(* Assume condition (H). Then the convex quadrangle inequality $$d_{i,l}+d_{j,k}\le d_{i,k}+d_{j,l}$$ holds for all $i,j,k,l\in\mathbb{N}\cup\{-1\}$ with $i\le j\le k\le l$. Moreover, for all $m,n\in\mathbb{N}$ with $m\le n$, the transport plan produced by the Inside-Out procedure for $(\pi^m,\pi^n)$ is an optimal solution of the minimization problem defining $d_{m,n}$.
   Context: Let $\mathbb{N}=\{0,1,2,\dots\}$. Fix a sequence $(\pi^n)_{n\in\mathbb{N}}$ where each $\pi^n=(\pi^n_i)_{i\in\mathbb{N}}$ is a probability distribution on $\mathbb{N}$ with support contained in $\{0,\dots,n\}$, and $\pi^n\ne\pi^m$ for $m\ne n$. Define reals $d_{m,n}$ for $m,n\in\mathbb{N}\cup\{-1\}$ recursively as follows: $d_{-1,-1}=0$, $d_{-1,j}=d_{j,-1}=1$ for $j\in\mathbb{N}$, and for $m,n\in\mathbb{N}$, $$d_{m,n}=\min_{z\in\mathcal{F}_{m,n}}\sum_{i=0}^m\sum_{j=0}^n z_{i,j}\,d_{i-1,j-1},$$ where $\mathcal{F}_{m,n}$ is the set of transport plans from $\pi^m$ to $\pi^n$, i.e. arrays $z=(z_{i,j})_{0\le i\le m,\,0\le j\le n}$ with $z_{i,j}\ge0$, $\sum_{j=0}^n z_{i,j}=\pi^m_i$ for all $i\le m$, and $\sum_{i=0}^m z_{i,j}=\pi^n_j$ for all $j\le n$. Condition (H) means: for every $n\ge1$, $\pi^n_n>0$ and $0\le\pi^n_i\le\pi^{n-1}_i$ for all $i<n$. Inside-Out procedure (input $\pi^m,\pi^n$ with $m\le n$): (1) for each $i=0,\dots,m$ set $z_{i,i}=\pi^n_i$ and $z_{j,i}=0$ for $j\ne i$, and compute the residual supply $\sigma_i=\pi^m_i-\pi^n_i$; (2) the remaining demands are $\pi^n_j$ at the nodes $j=m+1,\dots,n$; process the supply nodes in the order $i=m,m-1,\dots,0$, and use $\sigma_i$ to fill the still-unmet demands at nodes $j>m$ in increasing order of $j$ (starting at the first node whose demand is not yet completely met, which may have been partially filled by the previous supply node), setting $z_{i,j}$ equal to the amount sent from $i$ to $j$, until $\sigma_i$ is depleted; all other entries of $z$ are $0$. *)

theory Defs
  imports Complex_Main
begin
lemma skeleton_first_return_decomposition:
  assumes h: "0 \<le> h"
  shows "p (real n * h) x0 y = taboo h n y + (\<Sum>k=1..n. first_return h k * p (real (n - k) * h) x0 y)"
proof (induction n arbitrary: y)
  case 0
  then show ?case by (simp add: p_zero)
next
  case (Suc n)
  define S where "S = (\<Sum>k=1..n. first_return h k * p (real (Suc (n - k)) * h) x0 y)"
  have split: "p (real n * h) x0 z * p h z y = taboo h n z * p h z y
      + (\<Sum>k=1..n. first_return h k * (p (real (n - k) * h) x0 z * p h z y))" for z
    by (subst Suc.IH) (simp add: distrib_right sum_distrib_right mult.assoc)
  have returned: "((\<lambda>z. \<Sum>k=1..n. first_return h k * (p (real (n - k) * h) x0 z * p h z y)) has_sum S) UNIV"
    unfolding S_def by (intro has_sum_sum has_sum_cmult_right skeleton_step_has_sum h) auto
  have "taboo h n z \<le> p (real n * h) x0 z" for z
  proof -
    have "0 \<le> (\<Sum>k=1..n. first_return h k * p (real (n - k) * h) x0 z)"
      using h by (intro sum_nonneg mult_nonneg_nonneg first_return_nonneg p_nonneg) auto
    then show ?thesis using Suc.IH[of z] by linarith
  qed
  then have "(\<lambda>z. taboo h n z * p h z y) summable_on UNIV"
    by (intro summable_on_comparison_test[OF has_sum_imp_summable[OF skeleton_step_has_sum[OF h, of n x0 y]]])
       (use h taboo_nonneg p_nonneg in \<open>auto intro!: mult_right_mono mult_nonneg_nonneg\<close>)
  from has_sum_add[OF has_sum_infsum[OF this] returned]
  have "p (real (Suc n) * h) x0 y = (\<Sum>\<^sub>\<infinity>z. taboo h n z * p h z y) + S"
    using has_sum_unique skeleton_step_has_sum[OF h, of n x0 y] split by (metis (no_types, lifting) ext)
  moreover have "(\<Sum>k=1..n. first_return h k * p (real (Suc n - k) * h) x0 y) = S"
    unfolding S_def by (rule sum.cong) (auto simp: Suc_diff_le)
  then have "(\<Sum>k=1..Suc n. first_return h k * p (real (Suc n - k) * h) x0 y)
      = S + first_return h (Suc n) * p 0 x0 y"
    by simp
  ultimately show ?case by (cases "y = x0") (simp_all add: p_zero)
qed

lemma skeleton_renewal: assumes "0 \<le> h" "1 \<le> n"
  shows "skeleton_return h n = (\<Sum>k=1..n. first_return h k * skeleton_return h (n - k))"
  using skeleton_first_return_decomposition[OF assms(1), of n x0] assms(2)
  by (cases n) (simp_all add: skeleton_return_def)

lemma skeleton_return_zero: "skeleton_return h 0 = 1"
  by (simp add: skeleton_return_def p_zero)

lemma skeleton_return_bounds: "0 \<le> h \<Longrightarrow> 0 \<le> skeleton_return h n \<and> skeleton_return h n \<le> 1"
  by (simp add: skeleton_return_def p_nonneg p_le_one)

lemma first_return_le: assumes "0 \<le> h" shows "first_return h k \<le> 1"
proof (cases "k = 0")
  case False
  have "first_return h k = first_return h k * skeleton_return h (k - k)"
    by (simp add: skeleton_return_zero)
  also have "\<dots> \<le> (\<Sum>j=1..k. first_return h j * skeleton_return h (k - j))"
    by (rule member_le_sum[where f = "\<lambda>j. first_return h j * skeleton_return h (k - j)"])
       (use False assms skeleton_return_bounds in \<open>auto intro!: mult_nonneg_nonneg first_return_nonneg\<close>)
  also have "\<dots> \<le> 1"
    using skeleton_renewal[OF assms, of k] skeleton_return_bounds[OF assms, of k] False by simp
  finally show ?thesis .
qed simp

lemma summable_skeleton_series:
  fixes a :: "nat \<Rightarrow> real"
  assumes "0 \<le> s" "s < 1" and "\<And>n. 0 \<le> a n \<and> a n \<le> 1"
  shows "summable (\<lambda>n. norm (a n * s ^ n))"
  by (rule summable_comparison_test'[OF summable_geometric[of s]])
     (use assms in \<open>auto simp: abs_mult intro!: mult_left_le_one_le\<close>)
(* Let $G$ be a connected simple graph of order $n$ and let $M_{G_1}$ be a mixed graph whose underlying graph $G_1$ is a spanning subgraph of $G$. The following are equivalent: (a) $G$ (regarded as a mixed graph with no arcs) and $M_{G_1}$ are cospectral; (b) $\lambda_1(G)=\lambda_1(M_{G_1})$; (c) $G_1=G$, and $V(M_{G_1})$ has a partition $\bigcup_{j\in\mathbb{T}_6}V_j$ such that for each $j\in\mathbb{T}_6$ the induced mixed subgraph $M_{G_1}[V_j]$ contains only undirected edges, and every other edge of $M_{G_1}$ is an arc $\overrightarrow{uv}$ with $u\in V_j$ and $v\in V_{\bar\omega\cdot j}$ for some $j\in\mathbb{T}_6$; (d) $G$ and $M_{G_1}$ are switching equivalent.
   Context: A mixed graph $M_G$ is obtained from a finite simple graph $G$ by orienting the edges of some subset of $E(G)$ (arcs $\overrightarrow{uv}$; the others are undirected edges $\{u,v\}$). With $\omega=\frac{1+\mathbf{i}\sqrt3}{2}$, $N(M_G)$ has $(u,v)$-entry $\omega$ if $\overrightarrow{uv}$ is an arc, $\bar\omega$ if $\overrightarrow{vu}$ is an arc, $1$ for an undirected edge $\{u,v\}$, $0$ otherwise; eigenvalues of $M_G$ are those of $N(M_G)$, $\lambda_1$ denotes the largest one, and cospectral means same eigenvalue multiset. $\mathbb{T}_6=\{1,-1,\omega,\bar\omega,-\omega,-\bar\omega\}$. Given a partition $V(M_G)=\bigcup_{j\in\mathbb{T}_6}V_j$ into six possibly empty sets, an edge or arc $xy$ has type $(j,k)$ if $x\in V_j,y\in V_k$ (for arcs, directed from $x$ to $y$). The partition is admissible if every undirected edge has type $(j,j)$ or $(j,\omega j)$ for some $j$, and every arc has type $(j,j)$, $(j,\bar\omega j)$ or $(j,-\omega j)$ for some $j$. A three-way switching with respect to an admissible partition replaces each undirected edge of type $(j,\omega j)$ by an arc from its end in $V_j$ to its end in $V_{\omega j}$, replaces each arc of type $(j,\bar\omega j)$ by an undirected edge, and reverses each arc of type $(j,-\omega j)$. The converse of a mixed graph reverses all arcs. Two mixed graphs are switching equivalent if one is obtained from the other by a sequence of three-way switchings and taking converses. *)

theory Defs
  imports "Jordan_Normal_Form.Char_Poly" "HOL-Computational_Algebra.Polynomial"
begin

(* A mixed graph
   is a pair (E, A): E the undirected edges (symmetric), A the arcs
   (A u v means the arc from u to v). *)

type_synonym rel = "nat \<Rightarrow> nat \<Rightarrow> bool"
type_synonym mixed_graph = "rel \<times> rel"

definition simple_graph :: "nat \<Rightarrow> rel \<Rightarrow> bool" where
  "simple_graph n E \<longleftrightarrow> (\<forall>u v. E u v \<longrightarrow> u < n \<and> v < n \<and> u \<noteq> v \<and> E v u)"

definition is_mixed_graph :: "nat \<Rightarrow> mixed_graph \<Rightarrow> bool" where
  "is_mixed_graph n M \<longleftrightarrow> simple_graph n (fst M) \<and>
     (\<forall>u v. snd M u v \<longrightarrow> u < n \<and> v < n \<and> u \<noteq> v \<and> \<not> snd M v u
              \<and> \<not> fst M u v)"

definition underlying :: "mixed_graph \<Rightarrow> rel" where
  "underlying M u v \<longleftrightarrow> fst M u v \<or> snd M u v \<or> snd M v u"

definition connected_graph :: "nat \<Rightarrow> rel \<Rightarrow> bool" where
  "connected_graph n E \<longleftrightarrow> 0 < n \<and> (\<forall>u<n. \<forall>v<n. E\<^sup>*\<^sup>* u v)"

definition spanning_subgraph :: "rel \<Rightarrow> rel \<Rightarrow> bool" where
  "spanning_subgraph H G \<longleftrightarrow> (\<forall>u v. H u v \<longrightarrow> G u v)"

definition undirected :: "rel \<Rightarrow> mixed_graph" where
  "undirected E = (E, (\<lambda>_ _. False))"

definition omega :: complex where
  "omega = Complex (1/2) (sqrt 3 / 2)"

definition T6 :: "complex set" where
  "T6 = {1, -1, omega, cnj omega, - omega, - cnj omega}"

definition herm_adj :: "nat \<Rightarrow> mixed_graph \<Rightarrow> complex mat" where
  "herm_adj n M = mat n n (\<lambda>(u, v).
      if snd M u v then omega else if snd M v u then cnj omega
      else if fst M u v then 1 else 0)"

definition eigenvalues :: "nat \<Rightarrow> mixed_graph \<Rightarrow> complex multiset" where
  "eigenvalues n M = proots (char_poly (herm_adj n M))"

definition cospectral :: "nat \<Rightarrow> mixed_graph \<Rightarrow> mixed_graph \<Rightarrow> bool" where
  "cospectral n M1 M2 \<longleftrightarrow> eigenvalues n M1 = eigenvalues n M2"

(* largest eigenvalue (all eigenvalues are real since N is Hermitian) *)
definition lambda1 :: "nat \<Rightarrow> mixed_graph \<Rightarrow> real" where
  "lambda1 n M = Max {x. eigenvalue (herm_adj n M) (complex_of_real x)}"

(* a partition into the six classes V_j, j \<in> T6, is a labelling p *)
definition partition6 :: "nat \<Rightarrow> (nat \<Rightarrow> complex) \<Rightarrow> bool" where
  "partition6 n p \<longleftrightarrow> (\<forall>v<n. p v \<in> T6)"

definition admissible :: "nat \<Rightarrow> mixed_graph \<Rightarrow> (nat \<Rightarrow> complex) \<Rightarrow> bool" where
  "admissible n M p \<longleftrightarrow> partition6 n p \<and>
     (\<forall>x y. fst M x y \<longrightarrow> p y = p x \<or> p y = omega * p x \<or> p x = omega * p y) \<and>
     (\<forall>x y. snd M x y \<longrightarrow> p y = p x \<or> p y = cnj omega * p x \<or> p y = - omega * p x)"

definition three_way_switch :: "(nat \<Rightarrow> complex) \<Rightarrow> mixed_graph \<Rightarrow> mixed_graph" where
  "three_way_switch p M =
     ((\<lambda>x y. (fst M x y \<and> p x = p y)
           \<or> (snd M x y \<and> p y = cnj omega * p x)
           \<or> (snd M y x \<and> p x = cnj omega * p y)),
      (\<lambda>x y. (snd M x y \<and> p x = p y)
           \<or> (fst M x y \<and> p y = omega * p x)
           \<or> (snd M y x \<and> p x = - omega * p y)))"

definition converse_mixed :: "mixed_graph \<Rightarrow> mixed_graph" where
  "converse_mixed M = (fst M, (\<lambda>x y. snd M y x))"

definition switch_step :: "nat \<Rightarrow> mixed_graph \<Rightarrow> mixed_graph \<Rightarrow> bool" where
  "switch_step n M M' \<longleftrightarrow>
     (\<exists>p. admissible n M p \<and> M' = three_way_switch p M) \<or> M' = converse_mixed M"

definition switching_equivalent :: "nat \<Rightarrow> mixed_graph \<Rightarrow> mixed_graph \<Rightarrow> bool" where
  "switching_equivalent n M1 M2 \<longleftrightarrow> (switch_step n)\<^sup>*\<^sup>* M1 M2 \<or> (switch_step n)\<^sup>*\<^sup>* M2 M1"

end

theory Submission
  imports Defs "HOL-Analysis.Analysis" "Jordan_Normal_Form.Spectral_Radius"
begin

__________

▶ **TASK INSTRUCTIONS**: The answer must consist of every line from the data that contains the word "proof".

▶ **EXERCISE RESULT**:
proof (induction n arbitrary: y)
  proof -
proof (cases "k = 0")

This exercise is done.